The third launchpad for meditation explores one sense in which Christians are exiles in this world. It is a cultural exile. The values and practices of the world conflict with how Christians are to live as citizens of heaven. Christians are no longer at home while practicing evil. But since we no longer belong to the worldly aspects of earthly cultures, former friends may frown upon our new way of living. As 1 Peter 4:3-4 indicates, this is part of what prompted persecution: “You have had enough in the past of the evil things that godless people enjoy—their immorality and lust, their feasting and drunkenness and wild parties, and their terrible worship of idols. Of course, your former friends are surprised when you no longer plunge into the flood of wild and destructive things they do. So they slander you.”
But rather than fighting back or giving up, Peter views cultural exile as an opportunity to witness. Right after 1 Peter 2:11, in verse 12, Peter writes “Live such good lives among the pagans that, though they accuse you of doing wrong, they may see your good deeds and glorify God on the day he visits us.” This verse echoes Matthew 5:16 where Jesus says, “In the same way, let your light shine before others, that they may see your good deeds and glorify your Father in heaven.”
As a cultural exile, live out the virtues of your heavenly kingdom. Allow the beauty of your transformed life to be a light in the darkness, so that others would see the light and turn to God for salvation.
The fourth launchpad for meditation explores another sense in which Christians are exiles in this world. We are exiles in our own bodies. In them we lack a sense of being at home. The passions of the flesh wage war against the soul, the whole of who we are as living, physical humans. Rather than being at home, our bodies are the battlegrounds on which a war is being waged. And it is a constant warfare.
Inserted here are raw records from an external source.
lemma restrict_preimage_is_embedding:
  "inj_on restrict_preimage L1.Tcs \<and> restrict_preimage ` L1.Tcs \<subseteq> L2.Tcs
    \<and> gba_hom L1.Tcs restrict_preimage \<and> (\<forall>x\<in>P1. restrict_preimage (L1.V x) = L2.V x)
    \<and> (\<forall>U. U \<notin> L1.Tcs \<longrightarrow> restrict_preimage U = {})"
proof (intro conjI ballI allI impI)
  show "inj_on restrict_preimage L1.Tcs"
    by (rule inj_on_restrict_preimage)
  show "restrict_preimage ` L1.Tcs \<subseteq> L2.Tcs"
    using restrict_preimage_in_Tc by blast
  show "gba_hom L1.Tcs restrict_preimage"
    unfolding gba_hom_def restrict_preimage_def
    using L1.Tc_Un L1.Tc_Int L1.Tc_Diff by auto
  show "restrict_preimage (L1.V x) = L2.V x" if "x \<in> P1" for x
    using restrict_preimage_basic[of x "{}"] that L1.V_in_Tc
    unfolding restrict_preimage_def by (simp add: L1.basic_empty L2.basic_empty)
  show "restrict_preimage U = {}" if "U \<notin> L1.Tcs" for U
    using that unfolding restrict_preimage_def by simp
qed

lemma embedding_unique:
  assumes h: "gba_hom L1.Tcs h" "\<forall>x\<in>P1. h (L1.V x) = L2.V x" "\<forall>U. U \<notin> L1.Tcs \<longrightarrow> h U = {}"
  shows "h = restrict_preimage"
proof
  fix U
  show "h U = restrict_preimage U"
  proof (cases "U \<in> L1.Tcs")
    case True
    then obtain \<B> where \<B>: "finite \<B>" "\<forall>p\<in>\<B>. L1.basic_index P1 p" "U = L1.basic_union \<B>"
      using Tc_basic_union by blast
    have "h U = (\<Union>p\<in>\<B>. h (L1.V (fst p)) - \<Union>((\<lambda>y. h (L1.V y)) ` snd p))"
      using L1.gba_hom_basic_union[OF h(1) L1.Tc_empty L1.Tc_Un L1.Tc_Diff L1.V_in_Tc \<B>(1,2)] \<B>(3)
      by simp
    also have "\<dots> = (\<Union>p\<in>\<B>. L2.V (fst p) - \<Union>(L2.V ` snd p))"
    proof (rule SUP_cong[OF refl])
      fix p assume "p \<in> \<B>"
      then have "fst p \<in> P1" "snd p \<subseteq> P1"
        using \<B>(2) by (auto simp: L1.basic_index_def)
      then show "h (L1.V (fst p)) - \<Union>((\<lambda>y. h (L1.V y)) ` snd p) = L2.V (fst p) - \<Union>(L2.V ` snd p)"
        using h(2) by (simp add: subset_iff)
    qed
    also have "\<dots> = restrict_preimage U"
      using restrict_preimage_basic_union[OF \<B>(1,2)] \<B>(3)
      unfolding L2.basic_union_def L2.basic_def by simp
    finally show ?thesis .
  next
    case False
    then show ?thesis
      using h(3) restrict_preimage_is_embedding by simp
  qed
qed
Just as a war has many military campaigns, the fight against evil desires that we have apart from the Spirit, is a daily battle.
But in this struggle, you are not alone. We all struggle with sinful desires, including the apostle Paul. Writing about his struggles with sin in Romans 7, he writes, “I don’t really understand myself, for I want to do what is right, but I don’t do it. Instead, I do what I hate… I have discovered this principle of life—that when I want to do what is right, I inevitably do what is wrong. I love God’s law with all my heart. But there is another power within me that is at war with my mind. This power makes me a slave to the sin that is still within me. Oh, what a miserable person I am! Who will free me from this life that is dominated by sin and death? Thank God! The answer is in Jesus Christ our Lord.”
As Warren Wiersbe writes, “our real battle is not with people around us, but with the passions within us”. As evil desires wage war against you, wage war against them. Put them to death. And in the midst of the battles, lean into your identity as an exile. Live by the principles of your new heavenly kingdom, and find solace in the fact that this war is temporary. We will one day be at home in our resurrected bodies, free from evil desires and freed up to fully love God and others.